lemma mpeval_rescale: "mpeval x (rescale \<alpha> p) = mpeval (\<lambda>i. \<alpha> i * x i) p"
proof -
  have "mpeval x (rescale \<alpha> p) =
      (\<Sum>m\<in>Poly_Mapping.keys p. Poly_Mapping.lookup (rescale \<alpha> p) m * monom_eval x m)"
    by (rule mpeval_superset) (auto simp: rescale_def intro: set_mp[OF keys_mapp_subset])
  then show ?thesis by (simp add: lookup_rescale mpeval_eq_sum monom_eval_mult mult_ac)
qed

lemma lookup_eq_if_mpeval_eq_rescaled:
  fixes p q :: "'a::field mpoly"
  assumes "infinite (UNIV :: 'a set)"
    and "\<And>x. mpeval x p = c * mpeval (\<lambda>i. \<alpha> i * x i) q"
  shows "Poly_Mapping.lookup p m = c * monom_eval \<alpha> m * Poly_Mapping.lookup q m"
proof -
  have "p = Const c * rescale \<alpha> q"
    by (rule mpoly_eqI_mpeval[OF assms(1)]) (simp add: assms(2) mpeval_rescale)
  then show ?thesis by (simp add: lookup_rescale)
qed

lemma torus_invariant_balanced:
  fixes p :: "'a::field mpoly"
  assumes "infinite (UNIV :: 'a set)"
    and inv: "\<And>t x. t \<noteq> 0 \<Longrightarrow> mpeval (\<lambda>i. t ^ u i * inverse t ^ w i * x i) p = mpeval x p"
    and m: "m \<in> Poly_Mapping.keys p"
  shows "(\<Sum>i\<in>Poly_Mapping.keys m. u i * Poly_Mapping.lookup m i) =
         (\<Sum>i\<in>Poly_Mapping.keys m. w i * Poly_Mapping.lookup m i)" (is "?a = ?b")
proof (rule power_eq_power_on_nonzero_imp_eq[OF assms(1)])
  fix t :: 'a assume t: "t \<noteq> 0"
  have "Poly_Mapping.lookup p m =
      1 * monom_eval (\<lambda>i. t ^ u i * inverse t ^ w i) m * Poly_Mapping.lookup p m"
    by (rule lookup_eq_if_mpeval_eq_rescaled[OF assms(1)]) (simp add: inv t)
  then have "1 = monom_eval (\<lambda>i. t ^ u i * inverse t ^ w i) m"
    using m by (simp add: in_keys_iff)
  also have "\<dots> = t ^ ?a * inverse t ^ ?b"
    by (simp only: monom_eval_mult monom_eval_power_weights)
  finally show "t ^ ?a = t ^ ?b"
    using t by (simp add: power_inverse field_simps)
qed

definition wscale :: "nat \<Rightarrow> 'a::field \<Rightarrow> (nat \<Rightarrow> 'a) \<Rightarrow> nat \<Rightarrow> 'a" where
  "wscale n c \<phi> = (\<lambda>i. c ^ wt n i * \<phi> i)"

lemma wscale_one [simp]: "wscale n 1 \<phi> = \<phi>"
  by (simp add: wscale_def)

definition wdeg :: "nat \<Rightarrow> (nat \<Rightarrow>\<^sub>0 nat) \<Rightarrow> nat" where
  "wdeg n m = (\<Sum>i\<in>Poly_Mapping.keys m. wt n i * Poly_Mapping.lookup m i)"

lemma homogeneous_iff_wdeg: "homogeneous n d F \<longleftrightarrow> (\<forall>m\<in>Poly_Mapping.keys F. wdeg n m = d)"
  by (simp add: homogeneous_def wdeg_def)

lemma mpeval_wscale:
  assumes "homogeneous n d F"
  shows "mpeval (wscale n c \<phi>) F = c ^ d * mpeval \<phi> F"
proof -
  have "monom_eval (wscale n c \<phi>) m = c ^ d * monom_eval \<phi> m" if "m \<in> Poly_Mapping.keys F" for m
    using assms that
    by (simp add: wscale_def monom_eval_mult monom_eval_power_weights homogeneous_iff_wdeg wdeg_def)
  then show ?thesis
    unfolding mpeval_eq_sum sum_distrib_left by (intro sum.cong refl) (simp add: mult_ac)
qed

definition homogeneous_part :: "nat \<Rightarrow> nat \<Rightarrow> 'a::field mpoly \<Rightarrow> 'a mpoly" where
  "homogeneous_part n d F = Poly_Mapping.mapp (\<lambda>m v. if wdeg n m = d then v else 0) F"

lemma lookup_homogeneous_part:
  "Poly_Mapping.lookup (homogeneous_part n d F) m =
     (if wdeg n m = d then Poly_Mapping.lookup F m else 0)"
  by (simp add: homogeneous_part_def lookup_mapp when_def in_keys_iff)

lemma keys_homogeneous_part: "Poly_Mapping.keys (homogeneous_part n d F) \<subseteq> Poly_Mapping.keys F"
  by (simp add: homogeneous_part_def keys_mapp_subset)

lemma homogeneous_part_in_KX: "subfield K \<Longrightarrow> F \<in> KX n K \<Longrightarrow> homogeneous_part n d F \<in> KX n K"
  using keys_homogeneous_part[of n d F]
  by (auto simp: KX_def lookup_homogeneous_part subfield_def)

lemma homogeneous_homogeneous_part: "homogeneous n d (homogeneous_part n d F)"
  by (auto simp: homogeneous_iff_wdeg in_keys_iff lookup_homogeneous_part split: if_splits)

lemma homogeneous_part_neq_0:
  "m \<in> Poly_Mapping.keys F \<Longrightarrow> homogeneous_part n (wdeg n m) F \<noteq> 0"
  by (metis in_keys_iff lookup_homogeneous_part lookup_zero)

lemma sum_homogeneous_parts:
  assumes "w > 0" and "\<And>m. m \<in> Poly_Mapping.keys F \<Longrightarrow> w dvd wdeg n m \<and> wdeg n m \<le> D"
  shows "F = (\<Sum>k\<le>D. homogeneous_part n (w * k) F)"
proof (rule poly_mapping_eqI)
  fix m
  have "Poly_Mapping.lookup (\<Sum>k\<le>D. homogeneous_part n (w * k) F) m =
      (\<Sum>k\<le>D. if wdeg n m = w * k then Poly_Mapping.lookup F m else 0)"
    by (simp add: lookup_sum lookup_homogeneous_part)
  also have "\<dots> = Poly_Mapping.lookup F m"
  proof (cases "m \<in> Poly_Mapping.keys F")
    case True
    then obtain k0 where k0: "wdeg n m = w * k0" and "wdeg n m \<le> D"
      using assms(2) by blast
    moreover have "k0 \<le> w * k0" using assms(1) by simp
    ultimately have "k0 \<le> D" by linarith
    moreover have "wdeg n m = w * k \<longleftrightarrow> k = k0" for k
      using k0 assms(1) by auto
    ultimately show ?thesis by simp
  qed (simp add: in_keys_iff if_distrib cong: if_cong)
  finally show "Poly_Mapping.lookup F m = Poly_Mapping.lookup (\<Sum>k\<le>D. homogeneous_part n (w * k) F) m"
    by simp
qed

lemma monom_eval_mon2: "monom_eval x (mon [a, b]) = x 0 ^ a * x 1 ^ b"
  by (simp add: mon_def lessThan_Suc monom_eval_add mult_ac)

lemma monom_eval_mon3: "monom_eval x (mon [a, b, e]) = x 0 ^ a * x 1 ^ b * x 2 ^ e"
  by (simp add: mon_def lessThan_Suc monom_eval_add numeral_2_eq_2 mult_ac)

definition weq1_value :: "(nat \<Rightarrow> 'a::field) \<Rightarrow> 'a \<Rightarrow> 'a \<Rightarrow> 'a" where
  "weq1_value \<phi> X Y = Y ^ 2 + \<phi> 0 * X * Y + \<phi> 2 * Y - X ^ 3 - \<phi> 1 * X ^ 2 - \<phi> 3 * X - \<phi> 4"

lemma mpeval_weq1: "mpeval y (weq1 \<phi>) = weq1_value \<phi> (y 0) (y 1)"
  by (simp add: weq1_def weq1_value_def)

lemma weq1_value_wscale:
  "(c :: 'a::field) \<noteq> 0 \<Longrightarrow> weq1_value (wscale 1 c \<phi>) X Y = c ^ 6 * weq1_value \<phi> (X / c ^ 2) (Y / c ^ 3)"
  unfolding weq1_value_def wscale_def wt_def
  by (simp add: power_divide algebra_simps) (simp add: field_simps eval_nat_numeral)

definition weierstrass_subst :: "'a::field \<Rightarrow> 'a \<Rightarrow> 'a \<Rightarrow> 'a \<Rightarrow> nat \<Rightarrow> 'a mpoly" where
  "weierstrass_subst u r s t = (\<lambda>i.
     if i = 0 then Const (u ^ 2) * Var 0 + Const r
     else if i = 1 then Const (u ^ 3) * Var 1 + Const (u ^ 2 * s) * Var 0 + Const t
     else Var i)"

################

Action item: Isolate each line of the listing above that includes "lambda". Copy it.

Solved exercise:
lemma mpeval_rescale: "mpeval x (rescale \<alpha> p) = mpeval (\<lambda>i. \<alpha> i * x i) p"
    and "\<And>x. mpeval x p = c * mpeval (\<lambda>i. \<alpha> i * x i) q"
    and inv: "\<And>t x. t \<noteq> 0 \<Longrightarrow> mpeval (\<lambda>i. t ^ u i * inverse t ^ w i * x i) p = mpeval x p"
      1 * monom_eval (\<lambda>i. t ^ u i * inverse t ^ w i) m * Poly_Mapping.lookup p m"
  then have "1 = monom_eval (\<lambda>i. t ^ u i * inverse t ^ w i) m"
  "wscale n c \<phi> = (\<lambda>i. c ^ wt n i * \<phi> i)"
  "homogeneous_part n d F = Poly_Mapping.mapp (\<lambda>m v. if wdeg n m = d then v else 0) F"
  "weierstrass_subst u r s t = (\<lambda>i.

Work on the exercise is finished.